# Each FreeBSD system is still vulnerable to attacks?



## teo (Sep 8, 2016)

Greetings!

On Reddit they report on that topic:

The FreeBSD attacks are from earlier this year.

g2k16 Hackathon Report:

Marc Espie on package signing evolution.  So, the gist of that idea is that FreeBSD got a fairly sophisticated attack against some upgrade mechanism. The upgrade data is signed, but everything is inside an archive, and the attack was against the archive, most specifically the decompression code, before signatures are even checked.  Not quite. There are five independent attacks, any one of which can be used in isolation to compromise a system, and every FreeBSD system is still vulnerable to at least one of the attacks, with -RELEASE users still being vulnerable to all five:

1.  portsnap because of flawed signature checking (gunzip-related).
2.  portsnap because of an easily achievable file-prediction attack.
3.  portsnap because of decompression-unrelated libarchive vulnerabilities, with each libarchive vulnerability also being independent and upstream taking its royal time on fixing all of them. 

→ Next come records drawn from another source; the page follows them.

lemma norm_sum_basis_of_int:
  fixes k :: "nat \<Rightarrow> int"
  shows "norm (\<Sum>j<n. of_int (k j) *\<^sub>R basis j) = L2_set (\<lambda>j. of_int (k j)) {..<n}"
proof (cases "n = 0")
  case True
  then show ?thesis by simp
next
  case False
  \<comment> \<open>Write k as a difference of two grid points lifted to a common height N.\<close>
  define N where "N = n + (\<Sum>j<n. nat \<bar>k j\<bar>)"
  define p q where "p i = (if i = 0 then N else 0) + (if i < n then nat (k i) else 0)"
    and "q i = (if i = 0 then N else 0) + (if i < n then nat (- k i) else 0)" for i
  have bound: "nat (k j) \<le> N \<and> nat (- k j) \<le> N" if "j < n" for j
  proof -
    have "nat \<bar>k j\<bar> \<le> (\<Sum>j<n. nat \<bar>k j\<bar>)" using that by (intro member_le_sum) auto
    then show ?thesis by (auto simp: N_def)
  qed
  have "n \<le> N" by (simp add: N_def)
  then have grid: "p \<in> grid" "q \<in> grid"
    by (auto simp: grid_def p_def q_def intro: trans_le_add1 dest: bound)
  have vanish: "\<forall>i\<ge>n. p i = 0" "\<forall>i\<ge>n. q i = 0"
    using False by (auto simp: p_def q_def)
  have diff: "real (p j) - real (q j) = of_int (k j)" if "j < n" for j
    using that by (cases "k j \<ge> 0") (auto simp: p_def q_def)
  have "f p - f q = (\<Sum>j<n. (real (p j) - real (q j)) *\<^sub>R basis j)"
    using grid vanish by (simp add: map_eq_sum_basis[of _ n] scaleR_diff_left sum_subtractf)
  also have "\<dots> = (\<Sum>j<n. of_int (k j) *\<^sub>R basis j)"
    using diff by simp
  finally have "f p - f q = (\<Sum>j<n. of_int (k j) *\<^sub>R basis j)" .
  moreover have "norm (f p - f q) = L2_set (\<lambda>j. real (p j) - real (q j)) {..<n}"
    using grid vanish by (simp add: isometric grid_dist_eq_L2_set)
  moreover have "\<dots> = L2_set (\<lambda>j. of_int (k j)) {..<n}"
    using diff by (intro L2_set_cong) auto
  ultimately show ?thesis by simp
qed

end

lemma l2_isomorphic_embeds_if_grid_isometry:
  fixes f :: "(nat \<Rightarrow> nat) \<Rightarrow> 'a::banach"
  assumes "grid_isometry f"
  shows "l2_isomorphic_embeds TYPE('a)"
  by (rule l2_isomorphic_embedsI, rule norm_sum_scaleR_eq_L2_set)
    (rule grid_isometry.norm_sum_basis_of_int[OF assms])

lemma grid_isometry_if_bilip_embeds:
  assumes "strictly_convex TYPE('a::real_normed_vector)"
    and "bilip_embeds grid grid_dist 1 TYPE('a)"
  shows "\<exists>f :: (nat \<Rightarrow> nat) \<Rightarrow> 'a. grid_isometry f"
proof -
  obtain g :: "(nat \<Rightarrow> nat) \<Rightarrow> 'a" and r where "0 < r" and g:
    "\<forall>p\<in>grid. \<forall>q\<in>grid. r * grid_dist p q \<le> norm (g p - g q) \<and> norm (g p - g q) \<le> 1 * r * grid_dist p q"
    using assms(2) unfolding bilip_embeds_def by blast
  define f where "f p = (1/r) *\<^sub>R (g p - g (\<lambda>_. 0))" for p
  have "grid_isometry f"
  proof
    fix p q
    assume "p \<in> grid" "q \<in> grid"
    then have "norm (g p - g q) = r * grid_dist p q" using g by (simp add: order_antisym)
    moreover have "f p - f q = (1/r) *\<^sub>R (g p - g q)" by (simp add: f_def algebra_simps)
    ultimately show "norm (f p - f q) = grid_dist p q" using \<open>0 < r\<close> by simp
  qed (simp_all add: assms(1) f_def)
  then show ?thesis by blast
qed

lemma not_bilip_embeds_grid:
  assumes "strictly_convex TYPE('a::banach)" and "\<not> l2_isomorphic_embeds TYPE('a)"
  shows "\<not> bilip_embeds grid grid_dist 1 TYPE('a)"
  using grid_isometry_if_bilip_embeds[OF assms(1)] l2_isomorphic_embeds_if_grid_isometry assms(2)
  by blast

lemma grid_in_l2:
  assumes "p \<in> grid" shows "(\<lambda>i. real (p i)) \<in> l2"
  unfolding l2_def
  by (rule CollectI, rule summable_finite[of "{..p 0}"]) (simp_all add: grid_vanishes[OF assms])

lemma bilip_embeds_finite_grid:
  assumes "finitely_l2_isometric TYPE('a::real_normed_vector)" and "G \<subseteq> grid" "finite G"
  shows "bilip_embeds G grid_dist 1 TYPE('a)"
proof -
  have "(\<lambda>p i. real (p i)) ` G \<subseteq> l2" using assms(2) grid_in_l2 by auto
  then obtain f :: "(nat \<Rightarrow> real) \<Rightarrow> 'a" where
    "\<forall>x\<in>(\<lambda>p i. real (p i)) ` G. \<forall>y\<in>(\<lambda>p i. real (p i)) ` G. norm (f x - f y) = l2dist x y"
    using assms(1,3) unfolding finitely_l2_isometric_def by blast
  moreover have "grid_dist p q = l2dist (\<lambda>i. real (p i)) (\<lambda>i. real (q i))" if "p \<in> G" "q \<in> G" for p q
    using that assms(2) by (intro grid_dist_eq_l2dist) auto
  ultimately have "\<forall>p\<in>G. \<forall>q\<in>G. norm (f (\<lambda>i. real (p i)) - f (\<lambda>i. real (q i))) = grid_dist p q"
    by simp
  then show ?thesis
    unfolding bilip_embeds_def by (intro exI[of _ "\<lambda>p. f (\<lambda>i. real (p i))"] exI[of _ 1]) simp
qed

theorem theorem1p7:
  assumes "strictly_convex TYPE('a::banach)"
    and "finitely_l2_isometric TYPE('a)"
    and "\<not> l2_isomorphic_embeds TYPE('a)"
  shows "\<exists>(A :: nat set) (d :: nat \<Rightarrow> nat \<Rightarrow> real) C.
           locally_finite_metric A d \<and> 1 \<le> C \<and>
           (\<forall>F. F \<subseteq> A \<and> finite F \<longrightarrow> bilip_embeds F d C TYPE('a)) \<and>
           \<not> bilip_embeds A d C TYPE('a)"
proof -
  define h where "h = from_nat_into grid"
  have "bij_betw h UNIV grid"
    unfolding h_def by (rule bij_betw_from_nat_into[OF countable_grid infinite_grid])
  then have inj: "inj_on h F" and onto: "h ` UNIV = grid" for F
    by (auto simp: bij_betw_def intro: inj_on_subset)
  define d where "d i j = grid_dist (h i) (h j)" for i j
  have "locally_finite_metric UNIV d"
    using locally_finite_metric_reindex[OF inj[of UNIV], of grid_dist] locally_finite_grid onto
    by (simp add: d_def[abs_def])
  moreover have "bilip_embeds F d 1 TYPE('a)" if "finite F" for F
  proof -
    have "h ` F \<subseteq> grid" using onto by blast
    then have "bilip_embeds (h ` F) grid_dist 1 TYPE('a)"
      using bilip_embeds_finite_grid[OF assms(2)] that by blast
    then show ?thesis unfolding d_def[abs_def] by (subst bilip_embeds_reindex[OF inj])
  qed
  moreover have "\<not> bilip_embeds UNIV d 1 TYPE('a)"
    using not_bilip_embeds_grid[OF assms(1,3)] bilip_embeds_reindex[OF inj, where 'a = 'a] onto
    by (simp add: d_def[abs_def])
  ultimately show ?thesis by (intro exI[of _ UNIV] exI[of _ d] exI[of _ 1]) simp
qed

end
lemma rank_four_block_mat_zero_le_left:
  fixes A :: "'a::field mat"
  assumes A: "A \<in> carrier_mat p s" and B: "B \<in> carrier_mat p q" and C: "C \<in> carrier_mat r q"
  shows "vec_space.rank (p + r) (four_block_mat A B (0\<^sub>m r s) C) \<le> vec_space.rank p A + q"
proof -
  interpret PA: vec_space "TYPE('a)" p .
  interpret PM: vec_space "TYPE('a)" "p + r" .
  interpret VD: vardim "TYPE('a)" .
  let ?M = "four_block_mat A B (0\<^sub>m r s) C"
  obtain S where S: "S \<subseteq> set (cols A)" "PA.lin_indpt S" "card S = PA.rank A"
    "set (cols A) \<subseteq> PA.span S"
    using PA.cols_basis_exists[OF A] .
  have SA: "S \<subseteq> carrier_vec p" using S(1) A cols_dim by blast
  have finS: "finite S" using S(1) by (rule finite_subset) simp
  define W where "W = (\<lambda>v. v @\<^sub>v 0\<^sub>v r) ` S \<union> (\<lambda>j. col B j @\<^sub>v col C j) ` {..<q}"
  have finW: "finite W" using finS by (simp add: W_def)
  have Wc: "W \<subseteq> carrier_vec (p + r)" unfolding W_def using SA B C by auto
  have "card W \<le> card ((\<lambda>v. v @\<^sub>v 0\<^sub>v r) ` S) + card ((\<lambda>j. col B j @\<^sub>v col C j) ` {..<q})"
    unfolding W_def by (rule card_Un_le)
  also have "\<dots> \<le> PA.rank A + q"
    using S(3) card_image_le[OF finS] card_image_le[of "{..<q}"] by (intro add_mono) auto
  finally have card: "card W \<le> PA.rank A + q" .
  have "col A j @\<^sub>v 0\<^sub>v r \<in> PM.span W" if "j < s" for j
  proof -
    have "col A j \<in> PA.span S" using S(4) that A by (auto simp: cols_def)
    then have "col A j @\<^sub>v 0\<^sub>v r \<in> PM.span ((\<lambda>v. v @\<^sub>v 0\<^sub>v r) ` S)"
      using VD.padr_in_span_padr[OF SA] by blast
    then show ?thesis using PM.span_is_monotone[of _ W] unfolding W_def by blast
  qed
  moreover have "col B j @\<^sub>v col C j \<in> PM.span W" if "j < q" for j
    using PM.in_own_span[OF Wc] that unfolding W_def by blast
  ultimately have "set (cols ?M) \<subseteq> PM.span W"
    using set_cols_four_block_mat_zero[OF A B C] by auto
  then show ?thesis using PM.rank_le_card_span[of ?M "s + q", OF _ finW Wc] card A B C by fastforce
qed

lemma rank_four_block_mat_zero_le_right:
  fixes A :: "'a::field mat"
  assumes A: "A \<in> carrier_mat p s" and B: "B \<in> carrier_mat p q" and C: "C \<in> carrier_mat r q"
  shows "vec_space.rank (p + r) (four_block_mat A B (0\<^sub>m r s) C) \<le> p + vec_space.rank r C"
proof -
  interpret PA: vec_space "TYPE('a)" p .
  interpret PC: vec_space "TYPE('a)" r .
  interpret PM: vec_space "TYPE('a)" "p + r" .
  interpret VD: vardim "TYPE('a)" .
  let ?M = "four_block_mat A B (0\<^sub>m r s) C"
  let ?U = "set (unit_vecs p) :: 'a vec set"
  obtain S where S: "S \<subseteq> set (cols C)" "PC.lin_indpt S" "card S = PC.rank C"
    "set (cols C) \<subseteq> PC.span S"
    using PC.cols_basis_exists[OF C] .
  have SC: "S \<subseteq> carrier_vec r" using S(1) C cols_dim by blast
  have finS: "finite S" using S(1) by (rule finite_subset) simp
  have U: "?U \<subseteq> carrier_vec p" by (rule unit_vecs_carrier)
  define W where "W = (\<lambda>v. v @\<^sub>v 0\<^sub>v r) ` ?U \<union> (\<lambda>v. 0\<^sub>v p @\<^sub>v v) ` S"
  have finW: "finite W" using finS by (simp add: W_def)
  have Wc: "W \<subseteq> carrier_vec (p + r)" unfolding W_def using SC U by auto
  have "card W \<le> card ((\<lambda>v. v @\<^sub>v 0\<^sub>v r) ` ?U) + card ((\<lambda>v. 0\<^sub>v p @\<^sub>v v) ` S)"
    unfolding W_def by (rule card_Un_le)
  also have "\<dots> \<le> p + PC.rank C"
  proof (rule add_mono)
    show "card ((\<lambda>v. v @\<^sub>v 0\<^sub>v r) ` ?U) \<le> p"
      using card_image_le[of ?U "\<lambda>v. v @\<^sub>v 0\<^sub>v r"] PA.card_set_unit_vecs by simp
    show "card ((\<lambda>v. 0\<^sub>v p @\<^sub>v v) ` S) \<le> PC.rank C"
      using card_image_le[OF finS, of "\<lambda>v. 0\<^sub>v p @\<^sub>v v"] S(3) by simp
  qed
  finally have card: "card W \<le> p + PC.rank C" .
  have padr: "v @\<^sub>v 0\<^sub>v r \<in> PM.span W" if "v \<in> carrier_vec p" for v
  proof -
    have "v @\<^sub>v 0\<^sub>v r \<in> PM.span ((\<lambda>v. v @\<^sub>v 0\<^sub>v r) ` ?U)"
      using VD.padr_in_span_padr[OF U] that PA.span_unit_vecs_is_carrier by blast
    then show ?thesis using PM.span_is_monotone[of _ W] unfolding W_def by blast
  qed
  have padl: "0\<^sub>v p @\<^sub>v v \<in> PM.span W" if "v \<in> set (cols C)" for v
  proof -
    have "0\<^sub>v p @\<^sub>v v \<in> PM.span ((\<lambda>v. 0\<^sub>v p @\<^sub>v v) ` S)"
      using VD.padl_in_span_padl[OF SC] that S(4) by blast
    then show ?thesis using PM.span_is_monotone[of _ W] unfolding W_def by blast
  qed
  have "col A j @\<^sub>v 0\<^sub>v r \<in> PM.span W" if "j < s" for j
    using padr A that by simp
  moreover have "col B j @\<^sub>v col C j \<in> PM.span W" if "j < q" for j
  proof -
    have "col B j \<in> carrier_vec p" "col C j \<in> set (cols C)"
      using that B C by (simp_all add: cols_def)
    then have "(col B j @\<^sub>v 0\<^sub>v r) + (0\<^sub>v p @\<^sub>v col C j) \<in> PM.span W"
      by (intro PM.span_add1[OF Wc] padr padl)
    then show ?thesis
      using append_vec_eq_padr_add_padl[of "col B j" p "col C j" r] B C that by simp
  qed
  ultimately have "set (cols ?M) \<subseteq> PM.span W"
    using set_cols_four_block_mat_zero[OF A B C] by auto
  then show ?thesis using PM.rank_le_card_span[of ?M "s + q", OF _ finW Wc] card A B C by fastforce
qed

lemma rank_four_block_mat_zero_full_row_rank:
  fixes A :: "'a::field mat"
  assumes A: "A \<in> carrier_mat p s" and B: "B \<in> carrier_mat p q" and C: "C \<in> carrier_mat r q"
    and rank_A: "vec_space.rank p A = p"
  shows "vec_space.rank (p + r) (four_block_mat A B (0\<^sub>m r s) C) = p + vec_space.rank r C"
proof -
  interpret PA: vec_space "TYPE('a)" p .
  interpret PC: vec_space "TYPE('a)" r .
  interpret PM: vec_space "TYPE('a)" "p + r" .
  interpret VD: vardim "TYPE('a)" .
  let ?M = "four_block_mat A B (0\<^sub>m r s) C"
  let ?U = "set (unit_vecs p) :: 'a vec set"
  let ?V = "set (cols ?M)"
  obtain S where S: "S \<subseteq> set (cols C)" "PC.lin_indpt S" "card S = PC.rank C"
    using PC.cols_basis_exists[OF C] .
  have SC: "S \<subseteq> carrier_vec r" using S(1) C cols_dim by blast
  have finS: "finite S" using S(1) by (rule finite_subset) simp
  have U: "?U \<subseteq> carrier_vec p" by (rule unit_vecs_carrier)
  have liU: "PA.lin_indpt ?U" using PA.unit_vecs_basis unfolding PA.basis_def by blast
  have Vc: "?V \<subseteq> carrier_vec (p + r)" using cols_dim[of ?M] A C by simp
  define T where "T = (\<lambda>v. v @\<^sub>v 0\<^sub>v r) ` ?U \<union> (\<lambda>v. 0\<^sub>v p @\<^sub>v v) ` S"
  have liT: "PM.lin_indpt T"
    using VD.padr_padl_lindep[OF U liU SC S(2)] unfolding T_def .
  have "0\<^sub>v p \<notin> ?U" using PA.vs_zero_lin_dep[OF U liU] by simp
  then have "card T = card ((\<lambda>v. v @\<^sub>v 0\<^sub>v r) ` ?U) + card ((\<lambda>v. 0\<^sub>v p @\<^sub>v v) ` S)"
    unfolding T_def using VD.pad_disjoint[OF U _ SC] finS by (intro card_Un_disjoint) auto
  also have "\<dots> = p + PC.rank C"
    using card_image[OF inj_on_subset[OF VD.padr_inj U]] card_image[OF inj_on_subset[OF VD.padl_inj SC]]
      PA.card_set_unit_vecs S(3) by simp
  finally have card: "card T = p + PC.rank C" .
  have padr: "v @\<^sub>v 0\<^sub>v r \<in> PM.span ?V" if "v \<in> carrier_vec p" for v
  proof -
    have "v \<in> PA.span (set (cols A))"
      using PA.full_row_rank_span_cols[OF A rank_A] that by simp
    then have "v @\<^sub>v 0\<^sub>v r \<in> PM.span ((\<lambda>v. v @\<^sub>v 0\<^sub>v r) ` set (cols A))"
      using VD.padr_in_span_padr[of "set (cols A)" p] A cols_dim by blast
    moreover have "(\<lambda>v. v @\<^sub>v 0\<^sub>v r) ` set (cols A) \<subseteq> ?V"
      using set_cols_four_block_mat_zero[OF A B C] A by (auto simp: cols_def)
    ultimately show ?thesis using PM.span_is_monotone by blast
  qed
  have padl: "0\<^sub>v p @\<^sub>v col C j \<in> PM.span ?V" if "j < q" for j
  proof -
    have "col B j @\<^sub>v 0\<^sub>v r \<in> PM.span ?V"
      using padr B that by simp
    then have "(-1) \<cdot>\<^sub>v (col B j @\<^sub>v 0\<^sub>v r) \<in> PM.span ?V"
      by (rule PM.smult_in_span[OF Vc])
    moreover have "col B j @\<^sub>v col C j \<in> PM.span ?V"
      using PM.in_own_span[OF Vc] set_cols_four_block_mat_zero[OF A B C] that by blast
    ultimately show ?thesis
      using PM.span_add1[OF Vc] padl_eq_append_vec_minus_padr[of "col B j" p "col C j" r] B C that
      by simp
  qed
  have "T \<subseteq> PM.span ?V"
    unfolding T_def using padr U padl S(1) C by (auto simp: cols_def)
  then have "p + PC.rank C \<le> PM.rank ?M"
    using PM.li_card_le_rank[of ?M "s + q" T] liT card finS A B C unfolding T_def by auto
  then show ?thesis using rank_four_block_mat_zero_le_right[OF A B C] by simp
qed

4.  portsnap because of bspatch vulnerabilities, with each attack path being independent and with only one path patched for -RELEASE users, who are yet to receive the Capsicum + other fixes.

5.  freebsd-update because of bspatch vulnerabilities, with each attack path being independent and with only one path patched for -RELEASE users, who are yet to receive the Capsicum + other fixes.

Because the package manager (pkg) does not have a separation of privileges and keeps everything running as root?


----------



## Murph (Sep 9, 2016)

teo said:


> … every FreeBSD system is still vulnerable to at least one of the attacks, with -RELEASE users still being vulnerable to all five: …


My FreeBSD systems are not vulnerable to any of those, never have been, and never will be.  I use SVN to get both base and ports, as do more than a few other people, so "every" is stretching it slightly.

I honestly don't know what the status is on those, other than they were clearly working on it a little while ago.  I think I saw some libarchive updates going into releng the other day, so that might have been an indication of some progress.

Use SVN and build from source if you need a short term fix.  This would also probably be a good time to make sure that your DNSSEC resolver is properly configured and working correctly.


----------



## SirDice (Sep 9, 2016)

https://lists.freebsd.org/pipermail/freebsd-announce/2016-August/001739.html


----------